**Exercise objective**
From the listing below, copy each line where "infinite" occurs.

BEGIN The input

text \<open>If a Laurent polynomial \<open>\<Sum> c\<^sub>m u\<^bsup>a\<^sub>m\<^esup> (e / u\<^sup>k)\<^bsup>b\<^sub>m\<^esup>\<close> stays polynomial in \<open>u\<close>
  along curves \<open>e = E(u)\<close> whose value \<open>E(0)\<close> is arbitrary, then it has no negative powers
  of \<open>u\<close>: multiplying by the largest pole order \<open>u\<^sup>N\<close> and putting \<open>u = 0\<close> leaves
  a nonzero polynomial in \<open>E(0)\<close>.\<close>

lemma laurent_exponents_nonneg:
  fixes c :: "'m \<Rightarrow> 'k::field" and a b :: "'m \<Rightarrow> nat"
  assumes inf: "infinite (UNIV :: 'k set)" and fin: "finite S"
    and inj: "inj_on (\<lambda>m. (a m, b m)) S" and nz: "\<And>m. m \<in> S \<Longrightarrow> c m \<noteq> 0"
    and curves: "\<And>z. \<exists>P E. poly E 0 = z \<and> (\<forall>u. u \<noteq> 0 \<longrightarrow>
                    poly P u = (\<Sum>m\<in>S. c m * u ^ a m * (poly E u / u ^ k) ^ b m))"
    and "m \<in> S"
  shows "k * b m \<le> a m"
proof (rule ccontr)
  assume neg: "\<not> k * b m \<le> a m"
  define N where "N = Max ((\<lambda>m. k * b m - a m) ` S)"
  define M where "M = {m \<in> S. a m + N = k * b m}"
  define e where "e m = a m + N - k * b m" for m
  have le_N: "k * b m - a m \<le> N" if "m \<in> S" for m
    using fin that by (simp add: N_def)
  have "N > 0" using le_N[OF \<open>m \<in> S\<close>] neg by linarith
  have "N \<in> (\<lambda>m. k * b m - a m) ` S"
    unfolding N_def using fin \<open>m \<in> S\<close> by (intro Max_in) auto
  then obtain m0 where m0: "m0 \<in> S" "k * b m0 - a m0 = N"
    by auto
  then have "m0 \<in> M" using \<open>N > 0\<close> by (simp add: M_def)
  have e: "e m + k * b m = N + a m" if "m \<in> S" for m
    using le_N[OF that] by (simp add: e_def)
  have e_eq_0: "e m = 0 \<longleftrightarrow> m \<in> M" if "m \<in> S" for m
    using le_N[OF that] that by (auto simp: e_def M_def)
  have lowest: "(\<Sum>m\<in>M. c m * z ^ b m) = 0" for z
  proof -
    obtain P E where E0: "poly E 0 = z" and PE: "\<And>u. u \<noteq> 0 \<Longrightarrow>
        poly P u = (\<Sum>m\<in>S. c m * u ^ a m * (poly E u / u ^ k) ^ b m)"
      using curves by blast
    define Q where "Q = (\<Sum>m\<in>S. smult (c m) (monom 1 (e m) * E ^ b m))"
    have "monom 1 N * P = Q"
    proof (rule poly_eq_if_eq_off_zero[OF inf])
      fix u :: 'k assume u: "u \<noteq> 0"
      have "poly (monom 1 N * P) u = (\<Sum>m\<in>S. c m * (u ^ N * (u ^ a m * (poly E u / u ^ k) ^ b m)))"
        using PE[OF u] by (simp add: poly_monom sum_distrib_left mult_ac)
      also have "\<dots> = (\<Sum>m\<in>S. c m * (u ^ e m * poly E u ^ b m))"
        by (intro sum.cong refl) (simp add: power_divide_shift[OF u e])
      finally show "poly (monom 1 N * P) u = poly Q u"
        by (simp add: Q_def poly_sum poly_monom)
    qed
    have "(\<Sum>m\<in>M. c m * z ^ b m) = (\<Sum>m\<in>M. c m * (0 ^ e m * z ^ b m))"
      by (intro sum.cong refl) (simp add: M_def e_def)
    also have "\<dots> = (\<Sum>m\<in>S. c m * (0 ^ e m * z ^ b m))"
      using fin e_eq_0 by (intro sum.mono_neutral_left) (auto simp: M_def)
    also have "\<dots> = poly Q 0"
      by (simp add: Q_def poly_sum poly_monom E0)
    also have "\<dots> = 0"
      unfolding \<open>monom 1 N * P = Q\<close>[symmetric] using \<open>N > 0\<close> by (simp add: poly_monom)
    finally show ?thesis .
  qed
  have "inj_on b M"
  proof (rule inj_onI)
    fix m m' assume "m \<in> M" "m' \<in> M" "b m = b m'"
    then show "m = m'"
      using inj_onD[OF inj, of m m'] by (auto simp: M_def)
  qed
  moreover have "finite M"
    using fin by (simp add: M_def)
  ultimately have "c m0 = 0"
    using coeff_eq_0_if_sum_powers_eq_0[OF inf _ _ lowest \<open>m0 \<in> M\<close>] by blast
  then show False
    using nz[OF m0(1)] by simp
qed

lemma minsert_bivariate:
  assumes "mvars H \<subseteq> {0, 1}"
  shows "minsert f v H = (\<Sum>m\<in>Poly_Mapping.keys H.
    f (Poly_Mapping.lookup H m) * v 0 ^ Poly_Mapping.lookup m 0 * v 1 ^ Poly_Mapping.lookup m 1)"
  unfolding minsert_eq_monom_eval
proof (intro sum.cong refl)
  fix m assume "m \<in> Poly_Mapping.keys H"
  then have "Poly_Mapping.keys m \<subseteq> {0, 1}"
    using assms by (auto simp: mvars_def)
  then show "f (Poly_Mapping.lookup H m) * monom_eval v m
      = f (Poly_Mapping.lookup H m) * v 0 ^ Poly_Mapping.lookup m 0 * v 1 ^ Poly_Mapping.lookup m 1"
    by (simp add: monom_eval_superset[of "{0, 1}"] mult.assoc)
qed

lemma inj_on_bivariate_exponents:
  assumes "mvars H \<subseteq> {0, 1}"
  shows "inj_on (\<lambda>m. (Poly_Mapping.lookup m 0, Poly_Mapping.lookup m 1)) (Poly_Mapping.keys H)"
proof (rule inj_onI)
  fix m m' assume m: "m \<in> Poly_Mapping.keys H" "m' \<in> Poly_Mapping.keys H"
    and eq: "(Poly_Mapping.lookup m 0, Poly_Mapping.lookup m 1)
      = (Poly_Mapping.lookup m' 0, Poly_Mapping.lookup m' 1)"
  have "Poly_Mapping.keys m \<subseteq> {0, 1}" "Poly_Mapping.keys m' \<subseteq> {0, 1}"
    using m assms by (auto simp: mvars_def)
  then show "m = m'"
    using eq by (intro poly_mapping_eqI) (metis in_keys_iff insert_iff old.prod.inject singletonD subsetD)
qed

lemma mem_alg_gen_if_eval_eq:
  fixes h :: "'a::field \<Rightarrow> 'b::field" and F A D :: "'a mpoly"
    and c :: "'m \<Rightarrow> 'a" and a b :: "'m \<Rightarrow> nat"
  assumes h: "comm_ring_hom h" and inf: "infinite (UNIV :: 'b set)" and "A \<noteq> 0"
    and weights: "\<And>m. m \<in> S \<Longrightarrow> k * b m \<le> a m"
    and F_eq: "\<And>x. minsert h x A \<noteq> 0 \<Longrightarrow> minsert h x F
      = (\<Sum>m\<in>S. h (c m) * minsert h x A ^ a m * (minsert h x D / minsert h x A ^ k) ^ b m)"
  shows "F \<in> alg_gen [A, D]"
proof -
  interpret comm_ring_hom h by fact
  define F' where "F' = (\<Sum>m\<in>S. mConst (c m) * A ^ (a m - k * b m) * D ^ b m)"
  have "F' \<in> alg_gen [A, D]"
    unfolding F'_def
    using nth_mem_alg_gen[of 0 "[A, D]"] nth_mem_alg_gen[of 1 "[A, D]"]
    by (intro semiring_closed_sum semiring_closed_mult semiring_closed_power semiring_closed_alg_gen
        mConst_mem_alg_gen) simp_all
  have "minsert h x (A * (F - F')) = 0" for x
  proof (cases "minsert h x A = 0")
    case False
    have "minsert h x F = minsert h x F'"
      unfolding F_eq[OF False] F'_def minsert_sum
    proof (intro sum.cong refl)
      fix m assume "m \<in> S"
      then have "a m - k * b m + k * b m = 0 + a m" using weights by simp
      from power_divide_shift[OF False this]
      show "h (c m) * minsert h x A ^ a m * (minsert h x D / minsert h x A ^ k) ^ b m
          = minsert h x (mConst (c m) * A ^ (a m - k * b m) * D ^ b m)"
        by (simp add: minsert_mult minsert_mConst comm_ring_hom.hom_power[OF comm_ring_hom_minsert]
            mult_ac)
    qed
    then show ?thesis
      by (simp add: minsert_mult comm_ring_hom.hom_diff[OF comm_ring_hom_minsert])
  qed (simp add: minsert_mult)
  then have "A * (F - F') = 0"
    by (rule mpoly_eq_0_if_eval_eq_0[OF h inf])
  then show ?thesis
    using \<open>A \<noteq> 0\<close> \<open>F' \<in> alg_gen [A, D]\<close> by simp
qed

text \<open>The normal-form hypothesis says that \<open>F = H(A, D / A\<^sup>k)\<close> wherever \<open>A \<noteq> 0\<close>, with
  \<open>H(u, e) = F(N(u, e))\<close>.\<close>

lemma mem_alg_gen_if_normal_form:
  fixes h :: "'a::field \<Rightarrow> 'b::field" and F A D :: "'a mpoly" and N :: "nat \<Rightarrow> 'a mpoly"
  assumes h: "comm_ring_hom h" and inf: "infinite (UNIV :: 'b set)"
    and "A \<noteq> 0" and N: "\<And>l. mvars (N l) \<subseteq> {0, 1}"
    and normal_form: "\<And>x. minsert h x A \<noteq> 0 \<Longrightarrow> minsert h x F = minsert h
      (\<lambda>l. minsert h (\<lambda>i. if i = 0 then minsert h x A else minsert h x D / minsert h x A ^ k) (N l)) F"
    and curves: "\<And>z. \<exists>Y. (\<forall>u. minsert h (\<lambda>l. poly (Y l) u) A = u)
                        \<and> minsert h (\<lambda>l. poly (Y l) 0) D = z"
  shows "F \<in> alg_gen [A, D]"
proof -
  interpret comm_ring_hom h by fact
  define H where "H = minsert mConst N F"
  define S where "S = Poly_Mapping.keys H"
  define c where "c m = Poly_Mapping.lookup H m" for m
  define a where "a m = Poly_Mapping.lookup m 0" for m :: "nat \<Rightarrow>\<^sub>0 nat"
  define b where "b m = Poly_Mapping.lookup m 1" for m :: "nat \<Rightarrow>\<^sub>0 nat"
  have "H \<in> {p. mvars p \<subseteq> {0, 1}}"
    unfolding H_def by (rule minsert_mem[OF semiring_closed_mvars_subset]) (simp_all add: N[simplified])
  then have H: "mvars H \<subseteq> {0, 1}"
    by simp
  have H_eval: "minsert h v H = (\<Sum>m\<in>S. h (c m) * v 0 ^ a m * v 1 ^ b m)" for v
    using H by (simp add: minsert_bivariate S_def a_def b_def c_def)
  have F_eq: "minsert h x F
      = (\<Sum>m\<in>S. h (c m) * minsert h x A ^ a m * (minsert h x D / minsert h x A ^ k) ^ b m)"
    if "minsert h x A \<noteq> 0" for x
    using normal_form[OF that] H_eval minsert_minsert[OF h] by (simp add: H_def)
  have inj: "inj_on (\<lambda>m. (a m, b m)) S"
    unfolding S_def a_def b_def by (rule inj_on_bivariate_exponents[OF H])
  have "k * b m \<le> a m" if "m \<in> S" for m
  proof (rule laurent_exponents_nonneg[OF inf _ inj _ _ that])
    show "finite S" by (simp add: S_def)
    show "h (c m) \<noteq> 0" if "m \<in> S" for m
      using that comm_ring_hom_inj[OF h] by (simp add: S_def c_def in_keys_iff inj_eq flip: hom_zero)
  next
    fix z
    obtain Y where YA: "\<And>u. minsert h (\<lambda>l. poly (Y l) u) A = u"
      and YD: "minsert h (\<lambda>l. poly (Y l) 0) D = z"
      using curves by blast
    have on_curve: "poly (minsert (\<lambda>c. [:h c:]) Y G) u = minsert h (\<lambda>l. poly (Y l) u) G" for G u
      by (simp add: comm_ring_hom.hom_minsert[OF comm_ring_hom_poly])
    show "\<exists>P E. poly E 0 = z \<and> (\<forall>u. u \<noteq> 0 \<longrightarrow>
        poly P u = (\<Sum>m\<in>S. h (c m) * u ^ a m * (poly E u / u ^ k) ^ b m))"
      by (rule exI[of _ "minsert (\<lambda>c. [:h c:]) Y F"], rule exI[of _ "minsert (\<lambda>c. [:h c:]) Y D"])
        (simp add: on_curve YA YD F_eq)
  qed
  then show ?thesis
    using mem_alg_gen_if_eval_eq[OF h inf \<open>A \<noteq> 0\<close>] F_eq by blast
qed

END The input

**Reply**
  assumes inf: "infinite (UNIV :: 'k set)" and fin: "finite S"
  assumes h: "comm_ring_hom h" and inf: "infinite (UNIV :: 'b set)" and "A \<noteq> 0"
  assumes h: "comm_ring_hom h" and inf: "infinite (UNIV :: 'b set)"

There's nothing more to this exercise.